Custom Mapping Engine
I knew that if I wanted to make progress towards this goal, I’d need to work at a lower level, so I got to work building a fully SwiftUI-native map rendering engine. SwiftUI was the only choice because it’s all that watchOS supported, and proved to be helpful for putting maps into widgets, which also only support SwiftUI.
In 2021, I got this engine to a place where I could reliably and performantly render a map on watchOS. With it, I can render any tile-based maps and overlay location information on top.
Map Designs
Next came the question of how best to surface data to users. App design on watchOS is a really fun — but frustrating — challenge. You are designing for a relatively tiny screen, which must be operated one-handed. In this case, I want the user to be able to read the map and use it to navigate, while also having access to other workout-related information.
This began a long series of design attempts, most of which (if I’m being honest) were kinda awful.
In the end, I settled on a “modal” approach where the user can switch between a map screen and a metrics screen using a button on the top-left corner.
This interface provides one context where the user can freely pan/zoom around the map and another where I can use the more standard watchOS tabbed page interface for metrics and controls. I shipped this to Pedometer++, but there was always something that didn’t quite sit right with me about it.
This design felt like a compromise, and not in a good way. I felt that in order to achieve the goal of making the map interactive, I couldn’t have the map be part of any UI structure that involved swipes. As the screens on Apple Watches got larger, it felt less needed in order to give the map enough space to be useful.
So I set about trying alternative designs. SO many designs.
For a while, I thought that I needed to find a way to put the metrics at the bottom of the screen. However, that would lead to other problems on longer outings or for workouts that aren’t navigation-focused. So I kept iterating and came up with even more designs.
All of these designs suffered from the same fundamental issue: they required the app to display only a fixed set of fields at a time.
I could make the interface configurable, but one of the fundamental rules of watchOS design is that you should avoid any interaction that takes more than a few seconds on the watch. Any user-configurable setup is inherently fiddly, so I didn’t like this approach.
Dark Mode, Liquid Glass, & Cartography
Around the same time I was still wrestling with the design challenges of how best to structure the app, Apple announced watchOS 26, and the arrival of Liquid Glass. One of the core design aspects of Liquid Glass is layering stacking elements on top of each other, but another is the types of colors that work best with each other.
I was previously using Thunderforest Outdoors as my basemap for the app. I love the content this map includes, but when I started overlaying glassy elements over it I found that it wasn’t well-suited for Liquid Glass.

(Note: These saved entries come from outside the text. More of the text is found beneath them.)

lemma step_canonical:
  "canonical t \<Longrightarrow> step t u \<Longrightarrow> hred (bt t) (bt u) \<and> precanonical u"
proof (induction t arbitrary: u rule: canonical.induct)
  case (canC x M ts)
  then show ?case using cterm_normal by blast
next
  case (canApp s v)
  from canApp.prems show ?case
  proof (cases rule: step.cases)
    case (root l r \<sigma>)
    then show ?thesis
      using root_step_canonical[of l r \<sigma>] canonical.canApp[OF canApp.hyps] by auto
  next
    case (appL s')
    then show ?thesis
      using canApp.IH[of s'] canApp.hyps by (auto intro: hred.appL pre_PApp)
  next
    case (appR v')
    then show ?thesis using cterm_normal canApp.hyps by blast
  qed
qed

lemma step_r6:
  assumes "cterm a" "cterm b" "cterm c"
  shows "step (PApp (PCapp a b) c) (PApp (PApp a b) c)"
proof -
  define \<sigma> where "\<sigma> = (\<lambda>n::nat. if n = 0 then a else if n = 1 then b else c)"
  have "\<forall>x. cterm (\<sigma> x)"
    using assms by (simp add: \<sigma>_def)
  from step.root[OF psi_rules.r6[of 0 1 2] this] show ?thesis
    by (simp add: \<sigma>_def)
qed

lemma precanonical_capp_depth_Suc_step:
  "precanonical u \<Longrightarrow> capp_depth u = Suc k \<Longrightarrow> \<exists>w. step u w"
proof (induction rule: precanonical.induct)
  case (pre_head c v)
  then obtain a b where "c = PCapp a b" "cterm a" "cterm b"
    by (cases rule: cterm.cases) auto
  with pre_head.hyps(2) show ?case
    by (blast intro: step_r6)
next
  case (pre_PApp s v)
  then obtain s' where "step s s'"
    by auto
  then show ?case
    by (blast intro: step.appL)
qed simp

lemma precanonical_step:
  "precanonical u \<Longrightarrow> capp_depth u = Suc k \<Longrightarrow> step u w \<Longrightarrow>
   precanonical w \<and> capp_depth w = k \<and> napp w = Suc (napp u) \<and> bt w = bt u"
proof (induction arbitrary: w rule: precanonical.induct)
  case (pre_head c v)
  then obtain a b where ab: "c = PCapp a b" "cterm a" "cterm b" "capp_depth a = k"
    by (cases rule: cterm.cases) auto
  from pre_head.prems(2) show ?case
  proof (cases rule: step.cases)
    case (root l r \<sigma>)
    from root(3) show ?thesis
      by (cases rule: psi_rules.cases)
         (use root ab pre_head.hyps in \<open>auto intro!: pre_PApp[OF precanonical.pre_head] simp: napp_cterm\<close>)
  qed (use ab pre_head.hyps cterm_normal cterm.cCapp in blast)+
next
  case (pre_PApp s v)
  from pre_PApp.prems(2) show ?case
  proof (cases rule: step.cases)
    case (root l r \<sigma>)
    from root(3) show ?thesis
      by (cases rule: psi_rules.cases)
         (use root pre_PApp in \<open>auto dest: precanonical_PCapp_False\<close>)
  qed (use pre_PApp cterm_normal in \<open>auto intro: precanonical.pre_PApp\<close>)
qed simp
(* Let $(\mathcal{T},\otimes,\mathbf{1})$ be an essentially small tensor triangulated category and $\mathcal{P}$ a radical ideal of $\mathcal{T}$. If $\mathcal{P}$ is a prime thick subcategory of $\mathcal{T}$, then $\mathcal{P}$ is a prime ideal of $\mathcal{T}$.
   Context: An ideal of $\mathcal{T}$ is a thick subcategory $\mathcal{I}$ with $M\otimes N\in\mathcal{I}$ for all $M\in\mathcal{T}$, $N\in\mathcal{I}$. The radical of an ideal $\mathcal{I}$ is $\sqrt{\mathcal{I}}:=\{M\in\mathcal{T}\mid M^{\otimes n}\in\mathcal{I}\text{ for some }n\ge0\}$; $\mathcal{I}$ is radical if $\sqrt{\mathcal{I}}=\mathcal{I}$. An ideal $\mathcal{P}$ is a prime ideal if $\mathcal{P}\neq\mathcal{T}$ and $M\otimes N\in\mathcal{P}$ implies $M\in\mathcal{P}$ or $N\in\mathcal{P}$. A thick subcategory $\mathcal{P}$ is a prime thick subcategory if among all thick subcategories $\mathcal{X}$ of $\mathcal{T}$ with $\mathcal{P}\subsetneq\mathcal{X}$ there is a unique minimal one. *)

theory Defs
  imports Main
begin

text \<open>
  Objects have type 'o and
  morphisms type 'm (so the category is small).
\<close>

record ('o, 'm) ttcat =
  cdom   :: "'m \<Rightarrow> 'o"
  ccod   :: "'m \<Rightarrow> 'o"
  ccomp  :: "'m \<Rightarrow> 'm \<Rightarrow> 'm"       \<comment> \<open>ccomp g f = g after f\<close>
  cid    :: "'o \<Rightarrow> 'm"
  cadd   :: "'m \<Rightarrow> 'm \<Rightarrow> 'm"
  czm    :: "'o \<Rightarrow> 'o \<Rightarrow> 'm"       \<comment> \<open>zero morphism X \<rightarrow> Y\<close>
  cneg   :: "'m \<Rightarrow> 'm"
  czero  :: "'o"
  csh    :: "'o \<Rightarrow> 'o"
  cshm   :: "'m \<Rightarrow> 'm"
  ctri   :: "'m \<Rightarrow> 'm \<Rightarrow> 'm \<Rightarrow> bool" \<comment> \<open>distinguished triangles X \<rightarrow> Y \<rightarrow> Z \<rightarrow> \<Sigma>X\<close>
  cten   :: "'o \<Rightarrow> 'o \<Rightarrow> 'o"
  ctenm  :: "'m \<Rightarrow> 'm \<Rightarrow> 'm"
  cunit  :: "'o"
  calpha :: "'o \<Rightarrow> 'o \<Rightarrow> 'o \<Rightarrow> 'm"
  clam   :: "'o \<Rightarrow> 'm"
  crho   :: "'o \<Rightarrow> 'm"
  csym   :: "'o \<Rightarrow> 'o \<Rightarrow> 'm"
  cthl   :: "'o \<Rightarrow> 'o \<Rightarrow> 'm"        \<comment> \<open>cthl N X : \<Sigma>X \<otimes> N \<rightarrow> \<Sigma>(X \<otimes> N)\<close>
  cthr   :: "'o \<Rightarrow> 'o \<Rightarrow> 'm"        \<comment> \<open>cthr N X : N \<otimes> \<Sigma>X \<rightarrow> \<Sigma>(N \<otimes> X)\<close>

definition hom :: "('o,'m) ttcat \<Rightarrow> 'o \<Rightarrow> 'o \<Rightarrow> 'm set" where
  "hom C X Y = {f. cdom C f = X \<and> ccod C f = Y}"

definition is_iso :: "('o,'m) ttcat \<Rightarrow> 'm \<Rightarrow> bool" where
  "is_iso C f \<longleftrightarrow> (\<exists>g. g \<in> hom C (ccod C f) (cdom C f) \<and>
      ccomp C g f = cid C (cdom C f) \<and> ccomp C f g = cid C (ccod C f))"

So… I commissioned a custom map. Working with the incredible cartographer Andy Allen, we created a completely new basemap that would look fantastic with Liquid Glass.1
We simplified the map visually, increased the contrast of the elements, and made the map elements more saturated to prevent them from becoming a muddy mess when shown below glass.
With this work done, I had another opportunity: I could finally have a dark mode variant of the map tiles. While helpful on iOS, this really shines on watchOS. Andy and I really worked toward something which would be incredibly legible at arm’s length.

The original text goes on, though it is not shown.